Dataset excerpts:
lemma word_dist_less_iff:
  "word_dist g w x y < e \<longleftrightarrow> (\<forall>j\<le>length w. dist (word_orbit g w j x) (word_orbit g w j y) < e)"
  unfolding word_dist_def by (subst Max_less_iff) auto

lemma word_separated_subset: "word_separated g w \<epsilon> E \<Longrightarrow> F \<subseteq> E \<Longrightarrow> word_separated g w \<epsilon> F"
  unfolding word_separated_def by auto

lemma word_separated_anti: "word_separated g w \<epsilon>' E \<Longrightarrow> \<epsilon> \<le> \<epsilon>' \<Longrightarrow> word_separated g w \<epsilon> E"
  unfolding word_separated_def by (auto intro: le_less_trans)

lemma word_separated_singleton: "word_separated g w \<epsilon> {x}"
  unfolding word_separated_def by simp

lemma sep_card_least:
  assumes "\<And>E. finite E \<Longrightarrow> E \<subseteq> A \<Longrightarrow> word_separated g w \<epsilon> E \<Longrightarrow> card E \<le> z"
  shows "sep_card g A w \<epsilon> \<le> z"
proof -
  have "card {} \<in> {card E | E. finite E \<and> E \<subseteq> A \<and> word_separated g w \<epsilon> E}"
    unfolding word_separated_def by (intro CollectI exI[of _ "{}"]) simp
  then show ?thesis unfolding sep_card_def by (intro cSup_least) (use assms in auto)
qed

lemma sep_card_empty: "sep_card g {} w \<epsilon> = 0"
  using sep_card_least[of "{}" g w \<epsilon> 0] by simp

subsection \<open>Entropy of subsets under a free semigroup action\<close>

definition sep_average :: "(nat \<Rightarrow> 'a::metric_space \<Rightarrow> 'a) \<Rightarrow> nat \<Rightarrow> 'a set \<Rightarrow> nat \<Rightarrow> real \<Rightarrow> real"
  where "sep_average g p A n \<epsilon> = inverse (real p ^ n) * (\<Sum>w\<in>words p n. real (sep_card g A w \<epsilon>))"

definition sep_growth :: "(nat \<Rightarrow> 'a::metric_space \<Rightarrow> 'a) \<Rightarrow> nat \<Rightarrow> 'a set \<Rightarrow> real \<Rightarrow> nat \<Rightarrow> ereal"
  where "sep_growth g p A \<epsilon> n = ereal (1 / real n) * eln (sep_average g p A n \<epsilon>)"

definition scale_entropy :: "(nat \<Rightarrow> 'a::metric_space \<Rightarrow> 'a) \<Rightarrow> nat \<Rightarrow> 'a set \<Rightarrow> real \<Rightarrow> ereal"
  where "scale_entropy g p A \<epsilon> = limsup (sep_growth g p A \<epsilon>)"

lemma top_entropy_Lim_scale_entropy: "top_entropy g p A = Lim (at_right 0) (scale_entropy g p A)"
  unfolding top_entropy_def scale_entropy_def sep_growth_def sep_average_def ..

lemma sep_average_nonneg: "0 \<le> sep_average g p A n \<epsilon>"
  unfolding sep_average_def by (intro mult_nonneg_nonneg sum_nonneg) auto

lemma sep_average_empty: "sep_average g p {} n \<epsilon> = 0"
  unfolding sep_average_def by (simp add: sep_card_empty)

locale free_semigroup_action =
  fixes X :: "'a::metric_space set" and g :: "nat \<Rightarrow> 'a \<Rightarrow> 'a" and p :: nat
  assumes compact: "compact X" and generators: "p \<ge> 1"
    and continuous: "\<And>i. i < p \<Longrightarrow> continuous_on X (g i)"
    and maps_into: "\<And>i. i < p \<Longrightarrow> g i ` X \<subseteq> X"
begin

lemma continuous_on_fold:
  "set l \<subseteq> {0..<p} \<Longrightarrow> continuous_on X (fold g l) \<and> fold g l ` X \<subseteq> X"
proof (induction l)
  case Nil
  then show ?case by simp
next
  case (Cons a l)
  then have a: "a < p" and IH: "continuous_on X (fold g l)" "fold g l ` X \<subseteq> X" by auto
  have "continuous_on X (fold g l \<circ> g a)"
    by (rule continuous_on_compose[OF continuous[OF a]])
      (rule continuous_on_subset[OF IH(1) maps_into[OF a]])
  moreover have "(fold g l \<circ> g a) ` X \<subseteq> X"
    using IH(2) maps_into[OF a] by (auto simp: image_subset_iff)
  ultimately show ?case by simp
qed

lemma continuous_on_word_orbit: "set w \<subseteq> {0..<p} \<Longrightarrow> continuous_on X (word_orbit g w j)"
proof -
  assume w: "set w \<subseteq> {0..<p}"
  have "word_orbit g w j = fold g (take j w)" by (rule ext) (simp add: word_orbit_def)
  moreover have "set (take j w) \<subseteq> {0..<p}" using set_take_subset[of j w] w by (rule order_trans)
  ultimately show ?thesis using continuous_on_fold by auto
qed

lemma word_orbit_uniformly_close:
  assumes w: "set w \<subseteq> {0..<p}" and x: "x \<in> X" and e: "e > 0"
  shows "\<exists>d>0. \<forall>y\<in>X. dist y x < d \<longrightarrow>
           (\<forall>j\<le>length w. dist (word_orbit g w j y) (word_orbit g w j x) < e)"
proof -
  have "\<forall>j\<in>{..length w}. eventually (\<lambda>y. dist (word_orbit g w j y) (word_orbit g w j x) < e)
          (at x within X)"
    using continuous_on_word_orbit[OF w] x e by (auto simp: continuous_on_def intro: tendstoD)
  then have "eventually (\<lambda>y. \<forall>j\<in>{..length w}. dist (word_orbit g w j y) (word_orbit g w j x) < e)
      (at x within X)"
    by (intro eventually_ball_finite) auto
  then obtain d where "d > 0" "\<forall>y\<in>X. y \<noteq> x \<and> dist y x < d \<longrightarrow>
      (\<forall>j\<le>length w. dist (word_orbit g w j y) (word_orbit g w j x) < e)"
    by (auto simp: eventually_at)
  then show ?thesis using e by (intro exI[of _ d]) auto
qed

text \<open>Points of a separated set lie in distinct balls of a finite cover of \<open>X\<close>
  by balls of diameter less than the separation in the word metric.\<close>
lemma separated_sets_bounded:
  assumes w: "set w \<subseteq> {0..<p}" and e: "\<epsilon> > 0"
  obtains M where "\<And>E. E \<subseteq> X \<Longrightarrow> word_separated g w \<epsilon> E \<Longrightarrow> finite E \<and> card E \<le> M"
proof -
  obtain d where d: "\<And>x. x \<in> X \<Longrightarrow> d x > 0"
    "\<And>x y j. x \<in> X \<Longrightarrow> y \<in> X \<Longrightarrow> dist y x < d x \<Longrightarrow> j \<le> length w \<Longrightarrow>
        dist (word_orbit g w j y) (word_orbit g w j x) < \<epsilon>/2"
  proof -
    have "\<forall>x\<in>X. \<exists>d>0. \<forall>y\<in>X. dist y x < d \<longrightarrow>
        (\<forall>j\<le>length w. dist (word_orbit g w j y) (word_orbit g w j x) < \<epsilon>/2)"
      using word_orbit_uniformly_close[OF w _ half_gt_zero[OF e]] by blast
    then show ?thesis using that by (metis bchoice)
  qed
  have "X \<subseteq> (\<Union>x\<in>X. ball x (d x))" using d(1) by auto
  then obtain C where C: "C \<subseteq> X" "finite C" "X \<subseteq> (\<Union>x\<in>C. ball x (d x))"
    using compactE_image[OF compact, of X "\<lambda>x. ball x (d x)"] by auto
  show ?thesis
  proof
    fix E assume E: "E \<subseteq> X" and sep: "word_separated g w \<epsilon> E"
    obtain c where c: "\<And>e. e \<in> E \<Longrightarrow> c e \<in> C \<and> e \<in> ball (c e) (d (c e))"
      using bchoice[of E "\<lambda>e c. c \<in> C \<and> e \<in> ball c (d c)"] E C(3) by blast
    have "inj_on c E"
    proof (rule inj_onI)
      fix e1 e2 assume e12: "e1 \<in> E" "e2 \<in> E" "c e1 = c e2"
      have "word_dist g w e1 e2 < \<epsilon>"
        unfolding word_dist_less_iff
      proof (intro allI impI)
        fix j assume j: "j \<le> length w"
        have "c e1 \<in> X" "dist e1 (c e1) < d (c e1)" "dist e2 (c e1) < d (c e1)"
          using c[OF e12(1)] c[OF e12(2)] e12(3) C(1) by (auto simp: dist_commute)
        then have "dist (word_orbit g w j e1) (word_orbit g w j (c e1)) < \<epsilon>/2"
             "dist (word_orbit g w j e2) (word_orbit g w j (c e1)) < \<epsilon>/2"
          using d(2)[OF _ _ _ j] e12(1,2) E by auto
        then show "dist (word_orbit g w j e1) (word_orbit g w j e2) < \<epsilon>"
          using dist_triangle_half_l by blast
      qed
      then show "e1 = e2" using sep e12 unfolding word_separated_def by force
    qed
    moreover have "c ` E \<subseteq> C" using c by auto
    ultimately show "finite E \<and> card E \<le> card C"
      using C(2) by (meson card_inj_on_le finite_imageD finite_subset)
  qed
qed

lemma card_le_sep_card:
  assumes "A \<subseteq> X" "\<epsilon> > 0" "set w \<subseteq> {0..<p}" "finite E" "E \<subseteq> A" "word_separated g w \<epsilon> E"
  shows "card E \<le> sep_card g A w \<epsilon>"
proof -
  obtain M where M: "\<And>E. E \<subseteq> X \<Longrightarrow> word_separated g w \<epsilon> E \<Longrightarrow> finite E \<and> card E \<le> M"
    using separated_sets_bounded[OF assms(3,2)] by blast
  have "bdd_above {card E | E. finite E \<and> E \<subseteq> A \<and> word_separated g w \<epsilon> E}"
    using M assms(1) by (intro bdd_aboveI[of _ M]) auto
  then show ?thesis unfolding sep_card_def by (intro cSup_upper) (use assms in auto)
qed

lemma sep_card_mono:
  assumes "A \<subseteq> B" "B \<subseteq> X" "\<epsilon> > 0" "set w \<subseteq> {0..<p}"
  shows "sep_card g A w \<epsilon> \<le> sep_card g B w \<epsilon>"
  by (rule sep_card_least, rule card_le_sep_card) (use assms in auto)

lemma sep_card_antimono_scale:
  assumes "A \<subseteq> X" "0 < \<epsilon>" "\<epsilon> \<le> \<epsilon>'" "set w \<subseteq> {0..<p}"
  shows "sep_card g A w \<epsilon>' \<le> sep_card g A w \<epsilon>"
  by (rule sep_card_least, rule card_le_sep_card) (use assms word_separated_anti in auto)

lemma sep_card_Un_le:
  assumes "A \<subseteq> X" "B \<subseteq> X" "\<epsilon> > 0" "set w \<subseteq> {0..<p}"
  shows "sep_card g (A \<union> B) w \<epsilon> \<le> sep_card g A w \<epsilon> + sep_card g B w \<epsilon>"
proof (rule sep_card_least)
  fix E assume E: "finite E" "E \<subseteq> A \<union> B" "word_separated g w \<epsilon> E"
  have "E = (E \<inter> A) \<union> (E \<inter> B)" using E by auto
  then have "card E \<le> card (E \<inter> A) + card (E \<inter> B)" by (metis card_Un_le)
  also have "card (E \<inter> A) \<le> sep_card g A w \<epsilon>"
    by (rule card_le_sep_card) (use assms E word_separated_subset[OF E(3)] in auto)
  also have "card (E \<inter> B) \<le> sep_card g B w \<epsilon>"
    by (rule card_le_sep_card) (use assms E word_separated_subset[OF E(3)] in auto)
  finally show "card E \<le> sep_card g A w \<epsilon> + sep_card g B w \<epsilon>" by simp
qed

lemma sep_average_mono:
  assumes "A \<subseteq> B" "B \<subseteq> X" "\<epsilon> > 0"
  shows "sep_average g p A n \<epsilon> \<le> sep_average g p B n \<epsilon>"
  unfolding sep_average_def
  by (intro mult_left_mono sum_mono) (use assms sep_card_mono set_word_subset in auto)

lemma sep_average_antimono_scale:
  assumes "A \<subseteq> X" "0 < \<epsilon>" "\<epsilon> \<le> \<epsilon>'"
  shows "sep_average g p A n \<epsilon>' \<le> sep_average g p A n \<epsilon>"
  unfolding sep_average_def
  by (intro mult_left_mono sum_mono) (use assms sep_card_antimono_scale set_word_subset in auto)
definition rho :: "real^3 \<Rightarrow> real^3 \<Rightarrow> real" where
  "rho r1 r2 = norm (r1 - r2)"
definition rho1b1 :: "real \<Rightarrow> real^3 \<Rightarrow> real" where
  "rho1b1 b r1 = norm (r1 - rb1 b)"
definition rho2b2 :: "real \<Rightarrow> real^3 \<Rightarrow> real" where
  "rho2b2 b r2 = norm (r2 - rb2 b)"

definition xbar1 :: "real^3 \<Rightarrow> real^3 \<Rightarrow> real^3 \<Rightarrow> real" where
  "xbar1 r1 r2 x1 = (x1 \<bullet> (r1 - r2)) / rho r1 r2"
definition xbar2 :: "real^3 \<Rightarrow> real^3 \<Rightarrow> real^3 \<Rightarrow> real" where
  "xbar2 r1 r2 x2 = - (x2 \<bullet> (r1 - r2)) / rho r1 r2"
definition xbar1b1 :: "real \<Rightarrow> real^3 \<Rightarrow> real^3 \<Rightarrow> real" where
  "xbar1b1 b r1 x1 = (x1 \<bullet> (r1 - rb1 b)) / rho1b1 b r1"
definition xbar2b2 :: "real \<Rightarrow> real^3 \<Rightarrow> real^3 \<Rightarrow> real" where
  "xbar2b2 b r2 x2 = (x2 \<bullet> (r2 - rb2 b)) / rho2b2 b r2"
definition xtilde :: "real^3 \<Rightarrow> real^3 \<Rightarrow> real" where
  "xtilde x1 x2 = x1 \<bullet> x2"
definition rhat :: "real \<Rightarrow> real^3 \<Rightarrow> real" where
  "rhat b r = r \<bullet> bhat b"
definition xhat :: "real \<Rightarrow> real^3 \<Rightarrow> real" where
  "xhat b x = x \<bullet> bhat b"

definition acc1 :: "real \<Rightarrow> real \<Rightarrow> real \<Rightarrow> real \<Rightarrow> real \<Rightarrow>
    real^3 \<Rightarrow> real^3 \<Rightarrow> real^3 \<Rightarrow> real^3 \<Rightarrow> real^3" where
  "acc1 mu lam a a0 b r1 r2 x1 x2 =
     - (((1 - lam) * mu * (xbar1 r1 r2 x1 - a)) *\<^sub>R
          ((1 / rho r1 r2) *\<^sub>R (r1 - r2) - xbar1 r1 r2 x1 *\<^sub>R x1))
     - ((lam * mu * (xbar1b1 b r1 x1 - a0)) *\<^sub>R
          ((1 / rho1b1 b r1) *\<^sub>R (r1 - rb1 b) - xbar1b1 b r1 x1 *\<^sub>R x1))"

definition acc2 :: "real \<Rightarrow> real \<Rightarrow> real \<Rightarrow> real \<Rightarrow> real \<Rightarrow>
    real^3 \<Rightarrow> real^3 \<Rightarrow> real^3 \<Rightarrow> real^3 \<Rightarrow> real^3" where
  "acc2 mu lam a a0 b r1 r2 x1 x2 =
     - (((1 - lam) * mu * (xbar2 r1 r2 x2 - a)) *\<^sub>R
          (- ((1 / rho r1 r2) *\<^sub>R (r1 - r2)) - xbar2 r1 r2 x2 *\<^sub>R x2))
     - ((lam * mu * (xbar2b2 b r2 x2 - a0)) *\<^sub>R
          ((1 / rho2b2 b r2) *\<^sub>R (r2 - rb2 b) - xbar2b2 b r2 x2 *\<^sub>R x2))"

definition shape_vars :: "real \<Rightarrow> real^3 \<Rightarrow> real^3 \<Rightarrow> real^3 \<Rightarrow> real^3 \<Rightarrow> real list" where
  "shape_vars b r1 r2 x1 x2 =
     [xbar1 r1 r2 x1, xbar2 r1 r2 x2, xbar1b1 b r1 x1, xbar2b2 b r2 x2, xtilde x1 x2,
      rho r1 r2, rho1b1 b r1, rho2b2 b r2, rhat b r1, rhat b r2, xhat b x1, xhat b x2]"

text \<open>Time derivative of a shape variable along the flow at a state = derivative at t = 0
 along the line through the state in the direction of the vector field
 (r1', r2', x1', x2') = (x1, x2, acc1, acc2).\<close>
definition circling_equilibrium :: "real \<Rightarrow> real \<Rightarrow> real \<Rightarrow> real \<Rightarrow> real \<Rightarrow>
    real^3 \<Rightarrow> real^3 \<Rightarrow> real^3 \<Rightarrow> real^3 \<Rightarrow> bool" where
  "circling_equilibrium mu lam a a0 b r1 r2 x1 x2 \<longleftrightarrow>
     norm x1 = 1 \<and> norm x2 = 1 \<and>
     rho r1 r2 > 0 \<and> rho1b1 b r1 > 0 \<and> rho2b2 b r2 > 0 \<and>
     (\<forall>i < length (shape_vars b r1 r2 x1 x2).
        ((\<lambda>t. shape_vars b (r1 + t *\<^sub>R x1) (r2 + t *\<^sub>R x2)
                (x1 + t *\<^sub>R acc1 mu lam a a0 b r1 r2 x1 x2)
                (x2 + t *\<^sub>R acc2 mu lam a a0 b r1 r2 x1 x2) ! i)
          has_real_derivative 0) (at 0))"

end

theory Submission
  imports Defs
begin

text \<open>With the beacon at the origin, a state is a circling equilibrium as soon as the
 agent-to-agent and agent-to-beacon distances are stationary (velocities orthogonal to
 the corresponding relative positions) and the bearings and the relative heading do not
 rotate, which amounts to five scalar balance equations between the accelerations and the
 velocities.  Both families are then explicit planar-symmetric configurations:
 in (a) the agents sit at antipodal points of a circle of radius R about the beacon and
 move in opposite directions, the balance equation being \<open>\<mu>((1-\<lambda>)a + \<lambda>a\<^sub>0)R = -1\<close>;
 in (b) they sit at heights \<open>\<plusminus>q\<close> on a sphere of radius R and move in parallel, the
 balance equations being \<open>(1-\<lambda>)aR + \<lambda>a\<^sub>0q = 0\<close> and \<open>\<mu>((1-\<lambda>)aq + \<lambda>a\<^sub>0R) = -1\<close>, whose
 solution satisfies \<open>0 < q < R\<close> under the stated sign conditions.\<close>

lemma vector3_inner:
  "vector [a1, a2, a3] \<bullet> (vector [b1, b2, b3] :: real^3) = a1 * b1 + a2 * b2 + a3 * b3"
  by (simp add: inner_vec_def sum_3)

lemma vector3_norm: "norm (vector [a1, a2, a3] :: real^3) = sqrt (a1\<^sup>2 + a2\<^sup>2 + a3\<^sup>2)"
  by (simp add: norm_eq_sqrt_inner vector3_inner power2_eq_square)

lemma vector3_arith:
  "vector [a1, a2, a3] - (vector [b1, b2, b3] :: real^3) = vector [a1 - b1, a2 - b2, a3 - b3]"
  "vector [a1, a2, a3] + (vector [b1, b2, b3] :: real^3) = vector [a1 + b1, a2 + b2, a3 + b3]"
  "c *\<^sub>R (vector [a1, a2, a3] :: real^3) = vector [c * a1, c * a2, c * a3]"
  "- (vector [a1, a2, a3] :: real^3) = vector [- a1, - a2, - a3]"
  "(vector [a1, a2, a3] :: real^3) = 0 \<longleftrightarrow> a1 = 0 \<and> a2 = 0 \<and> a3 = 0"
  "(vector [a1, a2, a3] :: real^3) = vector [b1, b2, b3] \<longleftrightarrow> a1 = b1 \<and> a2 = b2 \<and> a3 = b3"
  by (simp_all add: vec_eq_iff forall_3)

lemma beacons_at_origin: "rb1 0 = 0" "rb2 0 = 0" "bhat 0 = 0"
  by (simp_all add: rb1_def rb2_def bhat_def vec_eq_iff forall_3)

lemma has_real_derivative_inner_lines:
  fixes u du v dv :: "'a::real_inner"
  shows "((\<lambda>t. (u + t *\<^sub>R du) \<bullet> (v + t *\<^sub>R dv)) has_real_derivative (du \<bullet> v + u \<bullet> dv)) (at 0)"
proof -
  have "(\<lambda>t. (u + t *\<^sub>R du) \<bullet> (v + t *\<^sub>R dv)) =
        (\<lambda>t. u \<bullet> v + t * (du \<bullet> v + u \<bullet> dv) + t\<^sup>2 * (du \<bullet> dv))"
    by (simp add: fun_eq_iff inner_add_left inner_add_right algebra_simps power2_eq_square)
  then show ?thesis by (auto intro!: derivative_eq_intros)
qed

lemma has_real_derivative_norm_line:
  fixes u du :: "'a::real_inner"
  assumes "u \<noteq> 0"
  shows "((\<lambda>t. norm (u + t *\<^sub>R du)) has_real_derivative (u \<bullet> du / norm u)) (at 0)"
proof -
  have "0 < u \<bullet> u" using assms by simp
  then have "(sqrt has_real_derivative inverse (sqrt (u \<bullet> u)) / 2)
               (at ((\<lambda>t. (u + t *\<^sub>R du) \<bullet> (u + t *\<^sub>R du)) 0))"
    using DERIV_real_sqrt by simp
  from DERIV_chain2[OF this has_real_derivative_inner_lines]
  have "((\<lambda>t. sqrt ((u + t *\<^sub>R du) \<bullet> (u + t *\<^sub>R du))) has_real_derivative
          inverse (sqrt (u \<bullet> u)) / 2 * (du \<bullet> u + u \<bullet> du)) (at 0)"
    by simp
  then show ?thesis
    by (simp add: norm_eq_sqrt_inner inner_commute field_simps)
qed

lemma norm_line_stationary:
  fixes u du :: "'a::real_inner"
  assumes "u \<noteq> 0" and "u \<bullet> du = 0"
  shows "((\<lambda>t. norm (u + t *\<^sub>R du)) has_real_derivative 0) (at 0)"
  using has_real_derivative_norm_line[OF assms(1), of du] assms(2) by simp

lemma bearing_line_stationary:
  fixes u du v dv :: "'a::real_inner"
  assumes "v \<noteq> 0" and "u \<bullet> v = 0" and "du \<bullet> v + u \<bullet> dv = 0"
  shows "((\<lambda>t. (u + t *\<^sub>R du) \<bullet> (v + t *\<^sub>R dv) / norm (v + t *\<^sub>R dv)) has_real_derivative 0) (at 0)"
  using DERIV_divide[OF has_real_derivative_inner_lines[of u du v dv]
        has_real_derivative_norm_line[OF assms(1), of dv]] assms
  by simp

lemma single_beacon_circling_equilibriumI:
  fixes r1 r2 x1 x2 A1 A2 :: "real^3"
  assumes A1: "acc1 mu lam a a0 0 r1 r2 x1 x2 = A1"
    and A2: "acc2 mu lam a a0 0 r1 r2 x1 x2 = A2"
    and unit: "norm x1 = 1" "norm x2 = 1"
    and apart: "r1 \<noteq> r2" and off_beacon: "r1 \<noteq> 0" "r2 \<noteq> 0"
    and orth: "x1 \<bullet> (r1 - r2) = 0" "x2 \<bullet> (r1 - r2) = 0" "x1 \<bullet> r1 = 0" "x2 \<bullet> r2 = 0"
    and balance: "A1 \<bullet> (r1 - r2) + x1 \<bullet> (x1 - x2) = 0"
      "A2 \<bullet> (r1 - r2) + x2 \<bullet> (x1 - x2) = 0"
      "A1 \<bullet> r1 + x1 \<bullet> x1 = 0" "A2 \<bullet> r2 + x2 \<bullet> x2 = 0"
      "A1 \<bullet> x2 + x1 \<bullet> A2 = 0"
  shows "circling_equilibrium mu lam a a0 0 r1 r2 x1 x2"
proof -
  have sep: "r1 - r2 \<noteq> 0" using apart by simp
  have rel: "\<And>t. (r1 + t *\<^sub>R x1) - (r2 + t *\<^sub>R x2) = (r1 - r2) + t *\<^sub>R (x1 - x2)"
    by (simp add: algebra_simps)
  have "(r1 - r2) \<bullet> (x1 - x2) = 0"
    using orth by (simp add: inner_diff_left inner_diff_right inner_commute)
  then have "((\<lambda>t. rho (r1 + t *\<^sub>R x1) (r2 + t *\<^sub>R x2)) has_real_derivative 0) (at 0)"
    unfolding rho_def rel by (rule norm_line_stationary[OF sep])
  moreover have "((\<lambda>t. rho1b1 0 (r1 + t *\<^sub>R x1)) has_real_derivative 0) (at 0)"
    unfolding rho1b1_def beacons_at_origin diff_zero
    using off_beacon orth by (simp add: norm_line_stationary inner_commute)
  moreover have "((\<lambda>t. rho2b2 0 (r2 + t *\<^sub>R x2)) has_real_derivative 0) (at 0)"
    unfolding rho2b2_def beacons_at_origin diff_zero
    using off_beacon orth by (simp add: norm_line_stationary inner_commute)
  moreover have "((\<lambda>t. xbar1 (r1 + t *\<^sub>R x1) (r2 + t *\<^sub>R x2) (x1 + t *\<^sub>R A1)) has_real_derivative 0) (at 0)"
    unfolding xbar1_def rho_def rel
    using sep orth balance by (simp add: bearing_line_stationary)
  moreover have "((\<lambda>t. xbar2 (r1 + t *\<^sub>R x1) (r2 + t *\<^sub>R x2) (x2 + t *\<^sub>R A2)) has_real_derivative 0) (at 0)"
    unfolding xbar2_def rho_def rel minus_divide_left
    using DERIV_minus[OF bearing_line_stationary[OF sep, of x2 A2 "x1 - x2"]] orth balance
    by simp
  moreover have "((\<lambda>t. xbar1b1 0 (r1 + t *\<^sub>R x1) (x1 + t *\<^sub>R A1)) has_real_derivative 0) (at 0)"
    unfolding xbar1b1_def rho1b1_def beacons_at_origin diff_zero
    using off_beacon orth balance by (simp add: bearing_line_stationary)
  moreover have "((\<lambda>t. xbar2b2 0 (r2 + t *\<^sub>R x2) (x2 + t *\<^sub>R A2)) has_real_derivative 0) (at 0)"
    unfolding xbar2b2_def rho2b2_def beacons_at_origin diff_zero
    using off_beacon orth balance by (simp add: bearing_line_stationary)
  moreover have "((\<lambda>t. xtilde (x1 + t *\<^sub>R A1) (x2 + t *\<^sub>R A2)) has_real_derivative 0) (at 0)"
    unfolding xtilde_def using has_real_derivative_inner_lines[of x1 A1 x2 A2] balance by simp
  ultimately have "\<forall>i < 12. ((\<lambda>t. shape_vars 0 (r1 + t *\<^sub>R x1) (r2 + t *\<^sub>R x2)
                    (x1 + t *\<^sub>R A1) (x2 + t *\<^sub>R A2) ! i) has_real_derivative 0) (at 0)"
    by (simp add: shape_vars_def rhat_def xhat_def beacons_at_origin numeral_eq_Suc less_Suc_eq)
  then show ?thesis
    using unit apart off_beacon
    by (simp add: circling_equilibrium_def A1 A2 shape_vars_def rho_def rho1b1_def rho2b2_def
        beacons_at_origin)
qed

*DESCRIPTION OF THE TASK:*
Starting at the line that contains "xtilde (x1 +", copy each line through the last one in the records, exactly, and output nothing else.

*REPLY TO THE EXERCISE:*
  moreover have "((\<lambda>t. xtilde (x1 + t *\<^sub>R A1) (x2 + t *\<^sub>R A2)) has_real_derivative 0) (at 0)"
    unfolding xtilde_def using has_real_derivative_inner_lines[of x1 A1 x2 A2] balance by simp
  ultimately have "\<forall>i < 12. ((\<lambda>t. shape_vars 0 (r1 + t *\<^sub>R x1) (r2 + t *\<^sub>R x2)
                    (x1 + t *\<^sub>R A1) (x2 + t *\<^sub>R A2) ! i) has_real_derivative 0) (at 0)"
    by (simp add: shape_vars_def rhat_def xhat_def beacons_at_origin numeral_eq_Suc less_Suc_eq)
  then show ?thesis
    using unit apart off_beacon
    by (simp add: circling_equilibrium_def A1 A2 shape_vars_def rho_def rho1b1_def rho2b2_def
        beacons_at_origin)
qed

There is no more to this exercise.